- **What you should do**
Repeat the records below exactly, line for line.

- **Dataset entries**
§ §

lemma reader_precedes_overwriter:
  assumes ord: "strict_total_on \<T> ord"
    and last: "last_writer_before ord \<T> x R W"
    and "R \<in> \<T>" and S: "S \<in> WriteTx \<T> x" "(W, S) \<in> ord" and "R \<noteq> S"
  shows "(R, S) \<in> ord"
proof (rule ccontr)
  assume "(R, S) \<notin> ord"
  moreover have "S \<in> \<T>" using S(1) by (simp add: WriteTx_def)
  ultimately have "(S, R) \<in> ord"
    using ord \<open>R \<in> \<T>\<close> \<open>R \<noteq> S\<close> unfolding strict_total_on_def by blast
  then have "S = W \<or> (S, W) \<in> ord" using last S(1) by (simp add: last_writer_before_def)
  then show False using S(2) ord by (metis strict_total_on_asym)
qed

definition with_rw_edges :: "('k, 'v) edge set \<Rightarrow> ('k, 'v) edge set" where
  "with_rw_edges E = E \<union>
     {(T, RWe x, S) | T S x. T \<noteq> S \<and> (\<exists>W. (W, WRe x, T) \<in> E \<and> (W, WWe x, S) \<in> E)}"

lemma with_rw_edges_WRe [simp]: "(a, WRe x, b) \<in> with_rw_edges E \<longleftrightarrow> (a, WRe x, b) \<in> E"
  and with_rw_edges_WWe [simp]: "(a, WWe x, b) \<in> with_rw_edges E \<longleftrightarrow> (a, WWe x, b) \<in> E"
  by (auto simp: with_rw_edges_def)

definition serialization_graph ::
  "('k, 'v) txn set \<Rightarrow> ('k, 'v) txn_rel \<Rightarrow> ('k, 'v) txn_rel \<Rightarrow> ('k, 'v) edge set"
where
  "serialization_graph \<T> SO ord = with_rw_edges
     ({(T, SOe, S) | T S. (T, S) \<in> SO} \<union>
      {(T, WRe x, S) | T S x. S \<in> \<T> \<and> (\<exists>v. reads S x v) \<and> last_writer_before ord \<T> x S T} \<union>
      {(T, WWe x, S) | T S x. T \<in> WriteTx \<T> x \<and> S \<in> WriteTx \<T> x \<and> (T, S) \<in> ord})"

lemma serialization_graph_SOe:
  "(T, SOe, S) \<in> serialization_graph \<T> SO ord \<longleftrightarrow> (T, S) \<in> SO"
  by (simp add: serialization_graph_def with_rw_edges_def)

§ §

- **Completed task**
lemma reader_precedes_overwriter:
  assumes ord: "strict_total_on \<T> ord"
    and last: "last_writer_before ord \<T> x R W"
    and "R \<in> \<T>" and S: "S \<in> WriteTx \<T> x" "(W, S) \<in> ord" and "R \<noteq> S"
  shows "(R, S) \<in> ord"
proof (rule ccontr)
  assume "(R, S) \<notin> ord"
  moreover have "S \<in> \<T>" using S(1) by (simp add: WriteTx_def)
  ultimately have "(S, R) \<in> ord"
    using ord \<open>R \<in> \<T>\<close> \<open>R \<noteq> S\<close> unfolding strict_total_on_def by blast
  then have "S = W \<or> (S, W) \<in> ord" using last S(1) by (simp add: last_writer_before_def)
  then show False using S(2) ord by (metis strict_total_on_asym)
qed

definition with_rw_edges :: "('k, 'v) edge set \<Rightarrow> ('k, 'v) edge set" where
  "with_rw_edges E = E \<union>
     {(T, RWe x, S) | T S x. T \<noteq> S \<and> (\<exists>W. (W, WRe x, T) \<in> E \<and> (W, WWe x, S) \<in> E)}"

lemma with_rw_edges_WRe [simp]: "(a, WRe x, b) \<in> with_rw_edges E \<longleftrightarrow> (a, WRe x, b) \<in> E"
  and with_rw_edges_WWe [simp]: "(a, WWe x, b) \<in> with_rw_edges E \<longleftrightarrow> (a, WWe x, b) \<in> E"
  by (auto simp: with_rw_edges_def)

definition serialization_graph ::
  "('k, 'v) txn set \<Rightarrow> ('k, 'v) txn_rel \<Rightarrow> ('k, 'v) txn_rel \<Rightarrow> ('k, 'v) edge set"
where
  "serialization_graph \<T> SO ord = with_rw_edges
     ({(T, SOe, S) | T S. (T, S) \<in> SO} \<union>
      {(T, WRe x, S) | T S x. S \<in> \<T> \<and> (\<exists>v. reads S x v) \<and> last_writer_before ord \<T> x S T} \<union>
      {(T, WWe x, S) | T S x. T \<in> WriteTx \<T> x \<and> S \<in> WriteTx \<T> x \<and> (T, S) \<in> ord})"

lemma serialization_graph_SOe:
  "(T, SOe, S) \<in> serialization_graph \<T> SO ord \<longleftrightarrow> (T, S) \<in> SO"
  by (simp add: serialization_graph_def with_rw_edges_def)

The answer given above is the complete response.